Most people involved in the administration of justice in our country
seem extra enthusiastic about obstructing justice in the present
circumstances. If those alleged to have committed crimes were to regain
control of government, then all pending judicial proceedings against
them would cease. Those public servants whose reluctant responsibility
it is to proceed now to take those accused to courts, find it in their
interest to delay proceedings one way or another. They form a ‘deep
government’ within the government and has its own agenda and priorities.
(‘Deep state’ is a misnomer.) Doing so, they would save themselves a
lot of trouble, should government change. Politicians now in government
who may have things to hide have an interest in being kind to those now
accused should there be a change of tables. Absent a system of inquiring
magistrates as in statute law countries, unless the senior judiciary
becomes aggressive as in India now, adharma or lawlessness will rule
this country.
The foregoing appreciation of the situation on my part, makes
unacceptable what university teachers of law and the Bar Association
claim that we have a system of judicial administration adequate to meet
the challenges before it. Numbers prove otherwise. Our institutions
cannot withstand abuse of power and our organizations have no strength
to stand against an onslaught by interested parties. President Trump
would much like to dismiss the Special Prosecutor Robert Mueller III and
disrupt the inquiry into his conduct by his own Department of Justice.
Congress would not let him do either. Those who argue for more power to
an Elected President do not realize the disaster that he/she could pose
to the wellbeing of ordinary citizens. That the 19th Amendment to the
Constitution removed the power of the President to dismiss Parliament is
an object lesson in the value of separation of powers. I would go
further and urge that Parliament run for a term specified in the
constitution leaving no one with power to end its life. The law will
specify when government holds elections to elect a new Parliament or a
President. So must the period of office of the President of the Republic
be fixed by law. Sumanadasas and Peirises will have to seek other
gullible victims.
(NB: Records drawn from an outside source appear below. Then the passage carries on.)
lemma mult_fps_gen_deg_gt:
  fixes c1 c2 c3 t :: "'a::comm_ring_1"
  shows "(1 - fps_X * fps_const c1) * (1 - fps_X * fps_const c2) * (1 - fps_X * fps_const c3)
           * (1 - fps_X ^ 2 * fps_const t)
         * fps_gen deg_gt (\<lambda>(k1, k2, k3, m). c1 ^ k1 * c2 ^ k2 * c3 ^ k3 * t ^ (m + 1))
       = fps_X ^ 2 * fps_const t"
proof -
  have "fps_gen deg_gt (\<lambda>(k1, k2, k3, m). c1 ^ k1 * c2 ^ k2 * c3 ^ k3 * t ^ (m + 1))
      = fps_X ^ 2 * fps_const t * fps_gen (\<lambda>(k1, k2, k3, m). 1 * k1 + 1 * k2 + 1 * k3 + 2 * m)
          (\<lambda>(k1, k2, k3, m). c1 ^ k1 * c2 ^ k2 * c3 ^ k3 * t ^ m)"
    unfolding fps_gen_shift by (rule fps_gen_cong) (auto simp: deg_gt_def mult_ac)
  then show ?thesis
    using geometric_product4_fps_gen [of 1 1 1 2 c1 c2 c3 t]
    by (simp add: mult_ac)
qed

lemma inverse_eq_fps_gen_deg_le:
  fixes c1 c2 c3 c4 :: "'a::{comm_ring_1,inverse}"
  assumes "inverse (1::'a) = 1"
  shows "inverse ((1 - fps_X * fps_const c1) * (1 - fps_X * fps_const c2)
                  * (1 - fps_X * fps_const c3) * (1 - fps_X * fps_const c4))
       = fps_gen deg_le (\<lambda>(k1, k2, k3, d). c1 ^ k1 * c2 ^ k2 * c3 ^ k3 * c4 ^ d)"
  using assms by (intro fps_inverse_eqI mult_fps_gen_deg_le) simp_all

lemma mult_inverse_eq_fps_gen_deg_gt:
  fixes c1 c2 c3 t :: "'a::{comm_ring_1,inverse}"
  assumes "inverse (1::'a) = 1"
  shows "fps_X ^ 2 * fps_const t * inverse ((1 - fps_X * fps_const c1) * (1 - fps_X * fps_const c2)
                  * (1 - fps_X * fps_const c3) * (1 - fps_X ^ 2 * fps_const t))
       = fps_gen deg_gt (\<lambda>(k1, k2, k3, m). c1 ^ k1 * c2 ^ k2 * c3 ^ k3 * t ^ (m + 1))"
    (is "_ * inverse ?D = ?G")
proof -
  have "(?D * ?G) * inverse ?D = (?D * inverse ?D) * ?G"
    by (simp only: mult_ac)
  also have "\<dots> = ?G"
    using assms by (simp add: fps_mult_inverse_eq_1)
  finally show ?thesis
    unfolding mult_fps_gen_deg_gt .
qed

lemma FG_y_G2_rational:
  "FG_y G2_V 9 G2_ends = (1 + fps_X + fps_X ^ 2) / ((1 - fps_X) ^ 3 * (1 - fps_X ^ 2))"
proof -
  define A where "A = fps_gen deg_le (\<lambda>_. 1::rat)"
  define B where "B = fps_gen deg_gt (\<lambda>_. 1::rat)"
  have "A = fps_gen deg_le (\<lambda>(k1, k2, k3, d). 1 ^ k1 * 1 ^ k2 * 1 ^ k3 * 1 ^ d)"
    unfolding A_def by (rule fps_gen_cong) auto
  then have A: "(1 - fps_X) * (1 - fps_X) * (1 - fps_X) * (1 - fps_X) * A = 1"
    using mult_fps_gen_deg_le [of "1::rat" 1 1 1] by simp
  have "B = fps_gen deg_gt (\<lambda>(k1, k2, k3, m). 1 ^ k1 * 1 ^ k2 * 1 ^ k3 * 1 ^ (m + 1))"
    unfolding B_def by (rule fps_gen_cong) auto
  then have B: "(1 - fps_X) * (1 - fps_X) * (1 - fps_X) * (1 - fps_X ^ 2) * B = fps_X ^ 2"
    using mult_fps_gen_deg_gt [of "1::rat" 1 1 1] by simp
  have "(A + B) * ((1 - fps_X) ^ 3 * (1 - fps_X ^ 2))
      = (1 - fps_X) * (1 - fps_X) * (1 - fps_X) * (1 - fps_X) * A * (1 + fps_X)
        + (1 - fps_X) * (1 - fps_X) * (1 - fps_X) * (1 - fps_X ^ 2) * B"
    by algebra
  also have "\<dots> = 1 + fps_X + fps_X ^ 2"
    by (simp only: A B) simp
  finally have numerator: "(A + B) * ((1 - fps_X) ^ 3 * (1 - fps_X ^ 2)) = 1 + fps_X + fps_X ^ 2" .
  have "((1 - fps_X) ^ 3 * (1 - fps_X ^ 2)) $ 0 = (1::rat)"
    by (simp add: fps_nth_power_0 power2_eq_square)
  then have "(1 - fps_X) ^ 3 * (1 - fps_X ^ 2) \<noteq> (0 :: rat fps)"
    by (metis fps_zero_nth zero_neq_one)
  then show ?thesis
    by (simp add: FG_y_G2 A_def [symmetric] B_def [symmetric] numerator [symmetric])
qed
Such provisions in the Constitution will end the
shenanigans that we have seen under the 1978 Constitution.
There are institutions besides laws that govern peoples’ lives.
Buddhists use two Pali words hiri and ottappa and in Sinhala hiri and
otap. Hiri is remorse or guilt that one feels for having done something
wrong. It is the pain you have when you face the mirror in the morning,
after the night when you raped a helpless young woman. Ottappa is the
shame that you have in facing others after having done something wrong.
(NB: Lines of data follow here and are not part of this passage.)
(* For every $m\geq 0$, the double occurrence words $w$ of length $2m$ (over $m$ symbols, considered up to renaming of symbols) such that the set of sinks of $\vec{\Lambda}(w)$ is a dominating set of $\vec{\Lambda}(w)$ are in bijection with the rooted loopless maps with $m$ edges (up to isomorphism of rooted maps).
   Context: A double occurrence word is a word in which each occurring symbol occurs exactly twice. For such $w$, $\vec\Lambda(w)$ is the directed graph on the symbols of $w$ with an arc $e\to f$ whenever $e\,f\,e\,f$ is a subsequence of $w$. A sink is a vertex with no out-neighbor; a set $D$ of vertices is dominating if every vertex not in $D$ is adjacent (in either direction) to a vertex of $D$. A map is a triple $(B,\sigma,\alpha)$ with $B$ finite, $\sigma,\alpha\in\mathrm{Sym}(B)$, $\alpha$ a fixed-point-free involution, $\langle\sigma,\alpha\rangle$ transitive on $B$; its edges are the cycles of $\alpha$ and vertices the cycles of $\sigma$; it is loopless if no edge is contained in a single cycle of $\sigma$. A rooted map has a distinguished flag $b_\bullet\in B$; two rooted maps are isomorphic if a bijection of flag sets conjugates the respective $\sigma$'s and $\alpha$'s and maps root to root. *)

theory Defs
  imports "HOL-Library.Sublist" "HOL-Combinatorics.Permutations"
begin

definition dow :: "nat list \<Rightarrow> bool" where
  "dow w \<longleftrightarrow> (\<forall>x \<in> set w. count_list w x = 2)"

definition lam_arc :: "nat list \<Rightarrow> nat \<Rightarrow> nat \<Rightarrow> bool" where
  "lam_arc w e f \<longleftrightarrow> e \<in> set w \<and> f \<in> set w \<and> subseq [e, f, e, f] w"

definition sinks :: "nat list \<Rightarrow> nat set" where
  "sinks w = {v \<in> set w. \<not> (\<exists>u. lam_arc w v u)}"

definition dominating :: "nat list \<Rightarrow> nat set \<Rightarrow> bool" where
  "dominating w D \<longleftrightarrow> D \<subseteq> set w \<and>
     (\<forall>v \<in> set w - D. \<exists>u \<in> D. lam_arc w u v \<or> lam_arc w v u)"

definition renaming_rel :: "(nat list \<times> nat list) set" where
  "renaming_rel = {(w, v). \<exists>g. inj_on g (set w) \<and> map g w = v}"

definition dow_classes :: "nat \<Rightarrow> nat list set set" where
  "dow_classes m =
     {w. dow w \<and> length w = 2 * m \<and> dominating w (sinks w)} // renaming_rel"

text \<open>A (rooted) map with flags in nat: (B, sigma, alpha, root).  Sym(B) is rendered by
  \<open>permutes\<close> (bijection of the type that is the identity outside B).\<close>

type_synonym rmap = "nat set \<times> (nat \<Rightarrow> nat) \<times> (nat \<Rightarrow> nat) \<times> nat"

definition cyc :: "(nat \<Rightarrow> nat) \<Rightarrow> nat \<Rightarrow> nat set" where
  "cyc p b = {(p ^^ n) b | n. True}"

definition is_map :: "nat set \<Rightarrow> (nat \<Rightarrow> nat) \<Rightarrow> (nat \<Rightarrow> nat) \<Rightarrow> bool" where
  "is_map B \<sigma> \<alpha> \<longleftrightarrow> finite B \<and> \<sigma> permutes B \<and> \<alpha> permutes B \<and>
     (\<forall>b \<in> B. \<alpha> b \<noteq> b \<and> \<alpha> (\<alpha> b) = b) \<and>
     (\<forall>b \<in> B. \<forall>c \<in> B.
        (\<lambda>x y. y = \<sigma> x \<or> x = \<sigma> y \<or> y = \<alpha> x \<or> x = \<alpha> y)\<^sup>*\<^sup>* b c)"

definition map_edges :: "nat set \<Rightarrow> (nat \<Rightarrow> nat) \<Rightarrow> nat set set" where
  "map_edges B \<alpha> = cyc \<alpha> ` B"

definition map_vertices :: "nat set \<Rightarrow> (nat \<Rightarrow> nat) \<Rightarrow> nat set set" where
  "map_vertices B \<sigma> = cyc \<sigma> ` B"

definition loopless :: "nat set \<Rightarrow> (nat \<Rightarrow> nat) \<Rightarrow> (nat \<Rightarrow> nat) \<Rightarrow> bool" where
  "loopless B \<sigma> \<alpha> \<longleftrightarrow> (\<forall>e \<in> map_edges B \<alpha>. \<forall>v \<in> map_vertices B \<sigma>. \<not> e \<subseteq> v)"

definition rooted_loopless_maps :: "nat \<Rightarrow> rmap set" where
  "rooted_loopless_maps m = {(B, \<sigma>, \<alpha>, r). is_map B \<sigma> \<alpha> \<and> r \<in> B \<and>
      loopless B \<sigma> \<alpha> \<and> card (map_edges B \<alpha>) = m}"

definition rmap_iso :: "(rmap \<times> rmap) set" where
  "rmap_iso = {((B, \<sigma>, \<alpha>, r), (B', \<sigma>', \<alpha>', r')). \<exists>\<phi>. bij_betw \<phi> B B' \<and>
      (\<forall>b \<in> B. \<phi> (\<sigma> b) = \<sigma>' (\<phi> b) \<and> \<phi> (\<alpha> b) = \<alpha>' (\<phi> b)) \<and> \<phi> r = r'}"

definition rooted_loopless_map_classes :: "nat \<Rightarrow> rmap set set" where
  "rooted_loopless_map_classes m = rooted_loopless_maps m // rmap_iso"

end

theory Submission
  imports Defs "HOL-Combinatorics.Orbits"
begin

definition flag_adj :: "('a \<Rightarrow> 'a) \<Rightarrow> ('a \<Rightarrow> 'a) \<Rightarrow> 'a \<Rightarrow> 'a \<Rightarrow> bool" where
  "flag_adj s a x y \<longleftrightarrow> y = s x \<or> x = s y \<or> y = a x \<or> x = a y"

lemma flag_adj_sym: "flag_adj s a x y \<Longrightarrow> flag_adj s a y x"
  unfolding flag_adj_def by auto

lemma flag_adj_rtranclp_sym: "(flag_adj s a)\<^sup>*\<^sup>* x y \<Longrightarrow> (flag_adj s a)\<^sup>*\<^sup>* y x"
  by (rule sympD[OF symp_rtranclp]) (auto intro: sympI flag_adj_sym)

lemma is_map_iff:
  "is_map B s a \<longleftrightarrow> finite B \<and> s permutes B \<and> a permutes B \<and>
     (\<forall>b \<in> B. a b \<noteq> b \<and> a (a b) = b) \<and> (\<forall>b \<in> B. \<forall>c \<in> B. (flag_adj s a)\<^sup>*\<^sup>* b c)"
proof -
  have "flag_adj s a = (\<lambda>x y. y = s x \<or> x = s y \<or> y = a x \<or> x = a y)"
    by (intro ext) (simp add: flag_adj_def)
  then show ?thesis unfolding is_map_def by simp
qed

lemma cyc_self: "x \<in> cyc s x"
  unfolding cyc_def by (auto intro: exI[of _ 0])

lemma cyc_step: "y \<in> cyc s x \<Longrightarrow> s y \<in> cyc s x"
  unfolding cyc_def by (auto intro: exI[of _ "Suc n" for n])

lemma cyc_trans: "y \<in> cyc s x \<Longrightarrow> z \<in> cyc s y \<Longrightarrow> z \<in> cyc s x"
  unfolding cyc_def by (auto simp flip: funpow_add comp_apply[of "s ^^ n" "s ^^ m" for n m])

lemma cyc_eq_orbit: "permutation s \<Longrightarrow> cyc s x = orbit s x"
  using orbit_altdef_permutation[of s x] unfolding cyc_def by simp

lemma cyc_sym: "permutation s \<Longrightarrow> y \<in> cyc s x \<Longrightarrow> x \<in> cyc s y"
  using cyc_eq_orbit orbit_swap permutation_self_in_orbit by metis

lemma cyc_eq: "permutation s \<Longrightarrow> y \<in> cyc s x \<Longrightarrow> cyc s y = cyc s x"
  using cyc_trans cyc_sym by blast

lemma cyc_subset:
  assumes "\<And>y. y \<in> cyc s x \<Longrightarrow> t y \<in> cyc s x"
  shows "cyc t x \<subseteq> cyc s x"
proof -
  have "(t ^^ n) x \<in> cyc s x" for n by (induction n) (auto simp: cyc_self assms)
  then show ?thesis unfolding cyc_def by auto
qed

lemma cyc_involution:
  assumes "a (a b) = b"
  shows "cyc a b = {b, a b}"
proof -
  have "(a ^^ n) b = (if even n then b else a b)" for n by (induction n) (auto simp: assms)
  then show ?thesis unfolding cyc_def by (auto intro: exI[of _ 0] exI[of _ 1])
qed

lemma image_cyc_conj:
  assumes "\<And>b. b \<in> K \<Longrightarrow> t b \<in> K" "\<And>b. b \<in> K \<Longrightarrow> f (t b) = u (f b)" "x \<in> K"
  shows "f ` cyc t x = cyc u (f x)" "cyc t x \<subseteq> K"
proof -
  have *: "f ((t ^^ n) x) = (u ^^ n) (f x) \<and> (t ^^ n) x \<in> K" for n
    by (induction n) (auto simp: assms)
  show "f ` cyc t x = cyc u (f x)" "cyc t x \<subseteq> K" unfolding cyc_def using * by (auto simp: image_def)
qed

lemma loopless_iff:
  assumes "permutation s" "\<And>b. b \<in> B \<Longrightarrow> a (a b) = b"
  shows "loopless B s a \<longleftrightarrow> (\<forall>b\<in>B. a b \<notin> cyc s b)"
proof -
  have key: "cyc a b \<subseteq> cyc s c \<longleftrightarrow> b \<in> cyc s c \<and> a b \<in> cyc s b" if "b \<in> B" for b c
  proof -
    have "cyc a b \<subseteq> cyc s c \<longleftrightarrow> b \<in> cyc s c \<and> a b \<in> cyc s c"
      using cyc_involution[of a b, OF assms(2)[OF that]] by simp
    also have "\<dots> \<longleftrightarrow> b \<in> cyc s c \<and> a b \<in> cyc s b"
      using cyc_eq[OF assms(1), of b c] by auto
    finally show ?thesis .
  qed
  show ?thesis
  proof
    assume loopless: "loopless B s a"
    show "\<forall>b\<in>B. a b \<notin> cyc s b"
    proof (intro ballI notI)
      fix b assume b: "b \<in> B" "a b \<in> cyc s b"
      then have "cyc a b \<subseteq> cyc s b" using key cyc_self by simp
      moreover have "cyc a b \<in> map_edges B a" "cyc s b \<in> map_vertices B s"
        using b(1) unfolding map_edges_def map_vertices_def by auto
      ultimately show False using loopless unfolding loopless_def by blast
    qed
  next
    assume no_loop: "\<forall>b\<in>B. a b \<notin> cyc s b"
    show "loopless B s a" unfolding loopless_def map_edges_def map_vertices_def
    proof (intro ballI)
      fix e v assume "e \<in> cyc a ` B" "v \<in> cyc s ` B"
      then obtain b c where "b \<in> B" "e = cyc a b" "v = cyc s c" by auto
      then show "\<not> e \<subseteq> v" using key no_loop by auto
    qed
  qed
qed

lemma card_map_edges:
  assumes "finite B" and closed: "\<And>b. b \<in> B \<Longrightarrow> a b \<in> B"
    and invol: "\<forall>b\<in>B. a b \<noteq> b \<and> a (a b) = b"
  shows "card (map_edges B a) * 2 = card B"
proof -
  have edge: "cyc a b = {b, a b}" if "b \<in> B" for b using cyc_involution invol that by auto
  have ainj: "x = y" if "x \<in> B" "y \<in> B" "a x = a y" for x y using invol that by metis
  have union: "\<Union>(map_edges B a) = B" unfolding map_edges_def using edge closed by auto
  have "2 * card (map_edges B a) = card (\<Union>(map_edges B a))"
  proof (rule card_partition)
    show "finite (map_edges B a)" unfolding map_edges_def using assms(1) by auto
    show "finite (\<Union>(map_edges B a))" using union assms(1) by simp
    show "\<And>c. c \<in> map_edges B a \<Longrightarrow> card c = 2"
      unfolding map_edges_def using edge invol by auto
    show "\<And>c1 c2. c1 \<in> map_edges B a \<Longrightarrow> c2 \<in> map_edges B a \<Longrightarrow> c1 \<noteq> c2 \<Longrightarrow> c1 \<inter> c2 = {}"
      unfolding map_edges_def using edge invol ainj by auto
  qed
  then show ?thesis using union by simp
qed

lemma permutes_interval_if_inj:
  fixes f :: "nat \<Rightarrow> nat"
  assumes "\<And>i. i < n \<Longrightarrow> f i < n" "\<And>i j. i < n \<Longrightarrow> j < n \<Longrightarrow> f i = f j \<Longrightarrow> i = j"
    and "\<And>i. n \<le> i \<Longrightarrow> f i = i"
  shows "f permutes {0..<n}"
proof (rule bij_imp_permutes)
  have "inj_on f {0..<n}" "f ` {0..<n} \<subseteq> {0..<n}" using assms(1,2) by (auto simp: inj_on_def)
  then show "bij_betw f {0..<n} {0..<n}" using endo_inj_surj[of "{0..<n}"] unfolding bij_betw_def by auto
qed (use assms(3) in auto)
It is the pain you feel when your long standing friend crosses over to
the other side of the street, the moment he notices you on the same side
of the road as he. We seem to have lost all sense of hiri otap.
Let me quote for you a quatrain which I enjoy much:
‘Venurnanali karkatakascha rambha
Vinashakale phalmud bhavanthi,
Evang naranang mativi prakaram
Vinashakale viparita budhih.’
‘As in calamitous death throes, the bamboo, the crab and the banana
plant bloom and bear fruit, so do men in their own destruction lose
their mind.’
Let the old order die. Their day and destruction are done. The young
will live and so their progeny and theirs. Let the young wrest control
of organizations and re-fashion institutions to suit their minds, always
aware that they threw away the old order because it was short sighted,
ignorant, selfish, ugly and uncivilized.